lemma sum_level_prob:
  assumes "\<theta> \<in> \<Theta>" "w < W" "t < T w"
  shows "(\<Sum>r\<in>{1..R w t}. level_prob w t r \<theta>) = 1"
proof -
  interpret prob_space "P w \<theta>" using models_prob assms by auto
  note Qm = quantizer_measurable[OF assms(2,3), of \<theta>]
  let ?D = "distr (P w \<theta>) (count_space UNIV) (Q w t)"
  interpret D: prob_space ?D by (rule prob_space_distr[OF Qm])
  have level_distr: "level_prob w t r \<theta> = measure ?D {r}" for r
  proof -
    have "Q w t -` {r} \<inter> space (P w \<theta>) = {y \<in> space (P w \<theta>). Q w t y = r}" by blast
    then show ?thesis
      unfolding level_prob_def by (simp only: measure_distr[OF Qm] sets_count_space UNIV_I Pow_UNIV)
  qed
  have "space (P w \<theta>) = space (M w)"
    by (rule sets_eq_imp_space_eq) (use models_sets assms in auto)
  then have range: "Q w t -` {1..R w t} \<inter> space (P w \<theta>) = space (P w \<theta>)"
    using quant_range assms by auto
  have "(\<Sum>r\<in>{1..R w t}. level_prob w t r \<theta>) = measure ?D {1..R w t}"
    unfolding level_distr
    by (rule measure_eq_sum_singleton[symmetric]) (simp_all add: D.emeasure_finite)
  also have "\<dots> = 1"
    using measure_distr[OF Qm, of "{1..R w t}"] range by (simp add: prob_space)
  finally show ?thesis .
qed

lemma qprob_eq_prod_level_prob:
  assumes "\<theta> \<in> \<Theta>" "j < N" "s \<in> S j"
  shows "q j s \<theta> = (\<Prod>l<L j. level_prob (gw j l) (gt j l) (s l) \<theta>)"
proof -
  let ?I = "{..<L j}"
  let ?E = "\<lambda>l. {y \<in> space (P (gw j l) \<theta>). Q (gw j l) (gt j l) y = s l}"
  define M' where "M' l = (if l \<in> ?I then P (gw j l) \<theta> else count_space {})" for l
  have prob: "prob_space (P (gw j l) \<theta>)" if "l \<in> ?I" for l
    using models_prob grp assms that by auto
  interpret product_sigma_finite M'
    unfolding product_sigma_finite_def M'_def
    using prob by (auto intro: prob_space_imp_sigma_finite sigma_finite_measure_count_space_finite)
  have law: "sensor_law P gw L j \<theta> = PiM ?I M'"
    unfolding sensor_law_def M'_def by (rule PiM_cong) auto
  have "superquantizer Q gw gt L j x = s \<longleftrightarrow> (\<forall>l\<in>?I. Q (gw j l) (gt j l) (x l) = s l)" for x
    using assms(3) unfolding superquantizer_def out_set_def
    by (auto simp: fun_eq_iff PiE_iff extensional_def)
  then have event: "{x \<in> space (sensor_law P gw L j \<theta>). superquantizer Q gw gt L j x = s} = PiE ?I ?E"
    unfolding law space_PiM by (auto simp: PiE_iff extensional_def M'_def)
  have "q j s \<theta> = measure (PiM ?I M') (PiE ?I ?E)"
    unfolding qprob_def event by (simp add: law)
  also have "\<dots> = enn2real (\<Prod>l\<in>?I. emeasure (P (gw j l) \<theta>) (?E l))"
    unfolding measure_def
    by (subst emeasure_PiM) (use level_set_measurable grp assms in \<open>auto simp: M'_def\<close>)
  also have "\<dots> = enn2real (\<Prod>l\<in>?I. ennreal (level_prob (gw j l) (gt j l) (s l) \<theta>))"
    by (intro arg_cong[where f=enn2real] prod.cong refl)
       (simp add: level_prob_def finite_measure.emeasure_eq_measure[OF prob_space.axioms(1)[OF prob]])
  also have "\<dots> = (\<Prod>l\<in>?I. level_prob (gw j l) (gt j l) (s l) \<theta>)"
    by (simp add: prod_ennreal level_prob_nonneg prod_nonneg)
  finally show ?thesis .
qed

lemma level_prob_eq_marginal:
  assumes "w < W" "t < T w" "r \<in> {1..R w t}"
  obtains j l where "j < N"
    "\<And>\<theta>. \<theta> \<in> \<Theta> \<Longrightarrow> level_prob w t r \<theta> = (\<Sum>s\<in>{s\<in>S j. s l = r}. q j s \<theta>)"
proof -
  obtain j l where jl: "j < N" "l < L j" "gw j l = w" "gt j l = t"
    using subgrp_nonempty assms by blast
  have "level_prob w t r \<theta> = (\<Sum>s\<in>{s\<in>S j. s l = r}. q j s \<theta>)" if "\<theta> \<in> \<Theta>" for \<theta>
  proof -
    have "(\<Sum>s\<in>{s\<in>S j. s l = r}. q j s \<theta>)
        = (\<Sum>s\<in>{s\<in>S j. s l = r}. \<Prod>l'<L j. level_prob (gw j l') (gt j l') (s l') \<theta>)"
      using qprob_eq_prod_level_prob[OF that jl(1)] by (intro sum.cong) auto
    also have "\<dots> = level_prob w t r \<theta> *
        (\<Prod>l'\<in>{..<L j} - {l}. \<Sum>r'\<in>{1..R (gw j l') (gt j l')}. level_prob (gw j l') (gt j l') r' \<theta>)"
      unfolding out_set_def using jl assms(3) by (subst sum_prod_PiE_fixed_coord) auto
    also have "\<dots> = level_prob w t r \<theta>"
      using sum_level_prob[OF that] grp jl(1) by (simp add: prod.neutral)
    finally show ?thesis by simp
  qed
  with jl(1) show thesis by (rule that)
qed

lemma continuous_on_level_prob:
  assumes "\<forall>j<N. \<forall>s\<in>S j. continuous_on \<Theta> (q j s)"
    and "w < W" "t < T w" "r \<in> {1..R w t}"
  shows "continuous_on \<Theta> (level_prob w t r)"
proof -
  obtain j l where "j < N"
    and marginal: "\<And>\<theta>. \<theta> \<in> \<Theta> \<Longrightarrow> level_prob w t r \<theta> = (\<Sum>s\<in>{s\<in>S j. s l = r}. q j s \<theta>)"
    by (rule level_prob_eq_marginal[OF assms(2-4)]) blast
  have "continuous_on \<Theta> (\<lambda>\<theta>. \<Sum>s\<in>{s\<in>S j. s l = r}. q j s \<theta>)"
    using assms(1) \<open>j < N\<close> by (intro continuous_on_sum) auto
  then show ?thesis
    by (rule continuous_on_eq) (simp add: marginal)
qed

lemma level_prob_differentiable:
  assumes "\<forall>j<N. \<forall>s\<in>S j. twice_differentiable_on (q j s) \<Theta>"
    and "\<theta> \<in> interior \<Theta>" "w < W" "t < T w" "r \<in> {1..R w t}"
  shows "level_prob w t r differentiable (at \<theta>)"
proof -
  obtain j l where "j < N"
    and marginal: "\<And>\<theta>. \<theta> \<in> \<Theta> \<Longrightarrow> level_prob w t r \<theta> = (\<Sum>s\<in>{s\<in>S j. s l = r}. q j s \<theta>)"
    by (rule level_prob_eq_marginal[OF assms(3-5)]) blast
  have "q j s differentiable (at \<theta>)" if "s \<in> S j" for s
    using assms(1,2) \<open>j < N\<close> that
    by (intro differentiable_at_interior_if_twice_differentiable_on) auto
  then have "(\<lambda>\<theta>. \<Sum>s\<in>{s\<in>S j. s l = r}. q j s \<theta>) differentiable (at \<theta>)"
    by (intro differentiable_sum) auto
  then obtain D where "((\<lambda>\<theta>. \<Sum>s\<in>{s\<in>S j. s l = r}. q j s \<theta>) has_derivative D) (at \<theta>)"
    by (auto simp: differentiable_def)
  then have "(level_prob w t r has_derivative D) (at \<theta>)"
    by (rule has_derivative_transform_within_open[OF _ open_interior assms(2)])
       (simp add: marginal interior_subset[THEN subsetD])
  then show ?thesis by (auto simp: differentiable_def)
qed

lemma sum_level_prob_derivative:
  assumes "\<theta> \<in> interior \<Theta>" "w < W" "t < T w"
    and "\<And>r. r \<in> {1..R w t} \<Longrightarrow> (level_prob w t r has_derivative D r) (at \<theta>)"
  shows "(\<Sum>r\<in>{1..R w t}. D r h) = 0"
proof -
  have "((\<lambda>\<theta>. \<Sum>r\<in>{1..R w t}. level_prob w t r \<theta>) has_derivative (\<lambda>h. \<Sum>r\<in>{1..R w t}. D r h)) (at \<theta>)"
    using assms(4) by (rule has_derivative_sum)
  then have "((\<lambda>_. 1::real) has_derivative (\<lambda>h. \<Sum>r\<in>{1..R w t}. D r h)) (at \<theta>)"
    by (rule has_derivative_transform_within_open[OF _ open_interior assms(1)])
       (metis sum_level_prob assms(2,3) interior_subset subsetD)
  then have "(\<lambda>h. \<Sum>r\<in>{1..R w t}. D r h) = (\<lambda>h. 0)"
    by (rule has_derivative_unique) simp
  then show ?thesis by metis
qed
──────
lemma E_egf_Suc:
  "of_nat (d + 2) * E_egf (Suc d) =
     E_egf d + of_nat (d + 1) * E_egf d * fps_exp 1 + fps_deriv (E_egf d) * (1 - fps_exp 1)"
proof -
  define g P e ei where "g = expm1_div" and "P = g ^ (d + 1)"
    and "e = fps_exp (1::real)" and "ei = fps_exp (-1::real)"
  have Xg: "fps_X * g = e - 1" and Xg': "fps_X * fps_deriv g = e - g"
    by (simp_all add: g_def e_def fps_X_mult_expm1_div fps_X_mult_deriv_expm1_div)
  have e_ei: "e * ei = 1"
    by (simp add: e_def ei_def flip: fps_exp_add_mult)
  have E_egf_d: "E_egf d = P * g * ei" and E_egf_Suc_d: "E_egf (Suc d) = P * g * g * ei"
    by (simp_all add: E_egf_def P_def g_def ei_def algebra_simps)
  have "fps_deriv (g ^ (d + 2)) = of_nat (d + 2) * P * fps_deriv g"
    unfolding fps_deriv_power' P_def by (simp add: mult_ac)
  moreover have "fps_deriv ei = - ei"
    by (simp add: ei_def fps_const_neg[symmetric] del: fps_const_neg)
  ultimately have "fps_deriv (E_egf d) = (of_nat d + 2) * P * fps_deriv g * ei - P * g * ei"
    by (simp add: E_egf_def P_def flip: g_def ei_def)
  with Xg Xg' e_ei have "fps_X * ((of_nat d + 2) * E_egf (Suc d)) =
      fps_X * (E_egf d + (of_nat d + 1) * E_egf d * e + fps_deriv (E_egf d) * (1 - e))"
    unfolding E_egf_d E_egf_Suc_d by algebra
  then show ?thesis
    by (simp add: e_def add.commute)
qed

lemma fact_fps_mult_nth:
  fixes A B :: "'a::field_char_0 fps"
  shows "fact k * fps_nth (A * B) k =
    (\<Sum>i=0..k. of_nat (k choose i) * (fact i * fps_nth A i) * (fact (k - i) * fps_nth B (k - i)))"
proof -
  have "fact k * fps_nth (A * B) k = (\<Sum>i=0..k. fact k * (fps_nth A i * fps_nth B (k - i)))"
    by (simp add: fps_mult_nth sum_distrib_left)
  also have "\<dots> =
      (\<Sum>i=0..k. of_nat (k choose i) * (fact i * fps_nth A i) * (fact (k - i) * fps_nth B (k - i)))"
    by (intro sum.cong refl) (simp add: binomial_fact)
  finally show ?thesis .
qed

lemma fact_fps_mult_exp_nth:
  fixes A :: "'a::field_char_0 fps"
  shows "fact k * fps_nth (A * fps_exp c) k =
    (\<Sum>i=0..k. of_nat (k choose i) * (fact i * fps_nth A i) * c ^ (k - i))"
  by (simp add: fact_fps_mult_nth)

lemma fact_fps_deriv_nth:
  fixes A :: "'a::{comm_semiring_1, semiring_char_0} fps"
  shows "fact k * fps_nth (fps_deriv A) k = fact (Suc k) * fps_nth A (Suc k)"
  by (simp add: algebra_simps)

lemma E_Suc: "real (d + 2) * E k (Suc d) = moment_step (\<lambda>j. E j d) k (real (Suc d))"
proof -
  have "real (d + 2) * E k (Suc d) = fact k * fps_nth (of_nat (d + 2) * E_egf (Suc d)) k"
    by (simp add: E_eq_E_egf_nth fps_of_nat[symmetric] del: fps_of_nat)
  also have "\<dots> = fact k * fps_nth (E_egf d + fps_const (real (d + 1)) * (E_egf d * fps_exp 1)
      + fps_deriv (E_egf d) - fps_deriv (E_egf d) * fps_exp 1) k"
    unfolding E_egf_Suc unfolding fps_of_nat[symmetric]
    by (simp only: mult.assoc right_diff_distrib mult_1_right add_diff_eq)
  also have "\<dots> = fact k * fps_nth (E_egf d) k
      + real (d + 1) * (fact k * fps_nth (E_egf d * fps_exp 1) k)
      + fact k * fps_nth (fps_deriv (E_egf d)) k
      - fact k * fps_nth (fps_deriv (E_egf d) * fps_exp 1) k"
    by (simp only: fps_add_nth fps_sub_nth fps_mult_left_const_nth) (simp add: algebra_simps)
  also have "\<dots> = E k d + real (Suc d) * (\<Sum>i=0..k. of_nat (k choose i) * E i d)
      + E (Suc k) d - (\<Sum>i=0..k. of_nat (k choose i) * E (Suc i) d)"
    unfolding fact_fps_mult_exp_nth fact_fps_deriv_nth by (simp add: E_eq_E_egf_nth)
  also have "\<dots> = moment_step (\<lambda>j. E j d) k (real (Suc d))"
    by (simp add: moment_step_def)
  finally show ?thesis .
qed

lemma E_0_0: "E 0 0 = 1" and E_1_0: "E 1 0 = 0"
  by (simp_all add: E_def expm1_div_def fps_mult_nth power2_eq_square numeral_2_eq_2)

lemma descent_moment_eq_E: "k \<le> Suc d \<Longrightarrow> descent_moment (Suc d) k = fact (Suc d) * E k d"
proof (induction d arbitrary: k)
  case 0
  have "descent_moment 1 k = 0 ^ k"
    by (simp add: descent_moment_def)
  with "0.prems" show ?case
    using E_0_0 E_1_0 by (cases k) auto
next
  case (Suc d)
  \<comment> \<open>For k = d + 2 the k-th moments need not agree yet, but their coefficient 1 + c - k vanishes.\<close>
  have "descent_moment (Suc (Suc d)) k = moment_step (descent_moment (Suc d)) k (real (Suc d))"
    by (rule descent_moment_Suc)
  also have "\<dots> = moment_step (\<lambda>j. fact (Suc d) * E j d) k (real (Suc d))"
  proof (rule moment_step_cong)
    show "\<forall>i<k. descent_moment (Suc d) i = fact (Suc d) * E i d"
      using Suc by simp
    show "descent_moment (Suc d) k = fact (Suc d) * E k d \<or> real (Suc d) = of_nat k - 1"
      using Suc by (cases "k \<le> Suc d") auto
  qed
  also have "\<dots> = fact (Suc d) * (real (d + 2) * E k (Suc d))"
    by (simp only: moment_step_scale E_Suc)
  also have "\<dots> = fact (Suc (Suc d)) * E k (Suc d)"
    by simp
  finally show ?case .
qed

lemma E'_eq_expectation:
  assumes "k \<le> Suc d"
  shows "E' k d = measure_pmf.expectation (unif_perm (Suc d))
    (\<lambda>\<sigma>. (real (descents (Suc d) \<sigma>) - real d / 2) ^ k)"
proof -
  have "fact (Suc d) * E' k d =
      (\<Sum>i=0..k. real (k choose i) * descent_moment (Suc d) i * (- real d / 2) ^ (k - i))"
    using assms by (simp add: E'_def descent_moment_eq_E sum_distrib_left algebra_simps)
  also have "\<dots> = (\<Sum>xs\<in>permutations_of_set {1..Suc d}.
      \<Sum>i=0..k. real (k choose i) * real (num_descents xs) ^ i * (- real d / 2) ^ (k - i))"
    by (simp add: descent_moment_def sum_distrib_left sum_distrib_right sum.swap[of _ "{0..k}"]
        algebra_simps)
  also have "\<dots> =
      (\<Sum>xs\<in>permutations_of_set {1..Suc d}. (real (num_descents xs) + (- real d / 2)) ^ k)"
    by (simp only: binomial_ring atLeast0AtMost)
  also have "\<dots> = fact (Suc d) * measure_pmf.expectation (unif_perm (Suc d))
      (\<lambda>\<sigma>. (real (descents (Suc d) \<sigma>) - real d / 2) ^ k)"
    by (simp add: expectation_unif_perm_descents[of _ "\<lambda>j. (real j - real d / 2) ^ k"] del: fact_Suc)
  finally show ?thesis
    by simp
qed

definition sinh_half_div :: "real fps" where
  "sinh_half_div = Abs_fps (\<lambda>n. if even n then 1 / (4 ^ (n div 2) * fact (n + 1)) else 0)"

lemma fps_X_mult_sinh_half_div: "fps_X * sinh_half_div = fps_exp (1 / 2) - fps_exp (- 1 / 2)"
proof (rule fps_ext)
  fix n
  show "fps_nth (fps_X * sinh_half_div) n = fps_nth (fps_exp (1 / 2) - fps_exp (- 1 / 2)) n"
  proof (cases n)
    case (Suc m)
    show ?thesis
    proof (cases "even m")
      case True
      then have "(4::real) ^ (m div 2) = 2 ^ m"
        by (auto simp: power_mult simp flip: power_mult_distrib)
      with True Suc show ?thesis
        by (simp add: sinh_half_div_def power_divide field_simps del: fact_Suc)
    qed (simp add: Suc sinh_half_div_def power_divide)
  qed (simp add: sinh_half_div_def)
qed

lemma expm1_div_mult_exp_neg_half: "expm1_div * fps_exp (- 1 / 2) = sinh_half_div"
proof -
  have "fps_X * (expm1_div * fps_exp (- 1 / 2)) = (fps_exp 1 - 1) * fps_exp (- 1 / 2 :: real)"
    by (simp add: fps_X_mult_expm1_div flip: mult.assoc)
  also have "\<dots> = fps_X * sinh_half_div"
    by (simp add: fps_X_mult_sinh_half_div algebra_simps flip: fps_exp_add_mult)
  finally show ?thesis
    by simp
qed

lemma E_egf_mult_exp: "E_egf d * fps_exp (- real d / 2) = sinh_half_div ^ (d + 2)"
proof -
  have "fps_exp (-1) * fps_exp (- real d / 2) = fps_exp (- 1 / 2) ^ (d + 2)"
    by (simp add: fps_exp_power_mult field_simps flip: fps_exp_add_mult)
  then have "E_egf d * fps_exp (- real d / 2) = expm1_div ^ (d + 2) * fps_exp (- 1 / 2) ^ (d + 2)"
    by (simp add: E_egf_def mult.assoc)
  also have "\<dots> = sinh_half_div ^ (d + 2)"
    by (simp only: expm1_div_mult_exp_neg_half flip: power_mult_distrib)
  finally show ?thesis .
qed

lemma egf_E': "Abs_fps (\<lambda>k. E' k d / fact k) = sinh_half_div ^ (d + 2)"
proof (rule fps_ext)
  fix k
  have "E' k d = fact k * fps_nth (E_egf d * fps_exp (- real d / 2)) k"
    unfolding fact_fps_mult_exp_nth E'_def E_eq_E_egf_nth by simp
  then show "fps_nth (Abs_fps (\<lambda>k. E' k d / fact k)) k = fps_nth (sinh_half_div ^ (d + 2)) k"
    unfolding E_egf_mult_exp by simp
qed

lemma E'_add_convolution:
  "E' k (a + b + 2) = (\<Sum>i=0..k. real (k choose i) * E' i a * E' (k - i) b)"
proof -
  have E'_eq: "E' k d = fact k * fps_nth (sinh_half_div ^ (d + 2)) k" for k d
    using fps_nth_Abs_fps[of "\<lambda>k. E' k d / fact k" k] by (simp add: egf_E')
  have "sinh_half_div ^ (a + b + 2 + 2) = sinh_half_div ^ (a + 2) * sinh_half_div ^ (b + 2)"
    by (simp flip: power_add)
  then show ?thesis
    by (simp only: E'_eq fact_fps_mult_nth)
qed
──────
Please, from the entries above, set down exactly the lines from the one containing "interpret D: prob_space" through the one containing "w \<theta>) = space (M", and only those.

  interpret D: prob_space ?D by (rule prob_space_distr[OF Qm])
  have level_distr: "level_prob w t r \<theta> = measure ?D {r}" for r
  proof -
    have "Q w t -` {r} \<inter> space (P w \<theta>) = {y \<in> space (P w \<theta>). Q w t y = r}" by blast
    then show ?thesis
      unfolding level_prob_def by (simp only: measure_distr[OF Qm] sets_count_space UNIV_I Pow_UNIV)
  qed
  have "space (P w \<theta>) = space (M w)"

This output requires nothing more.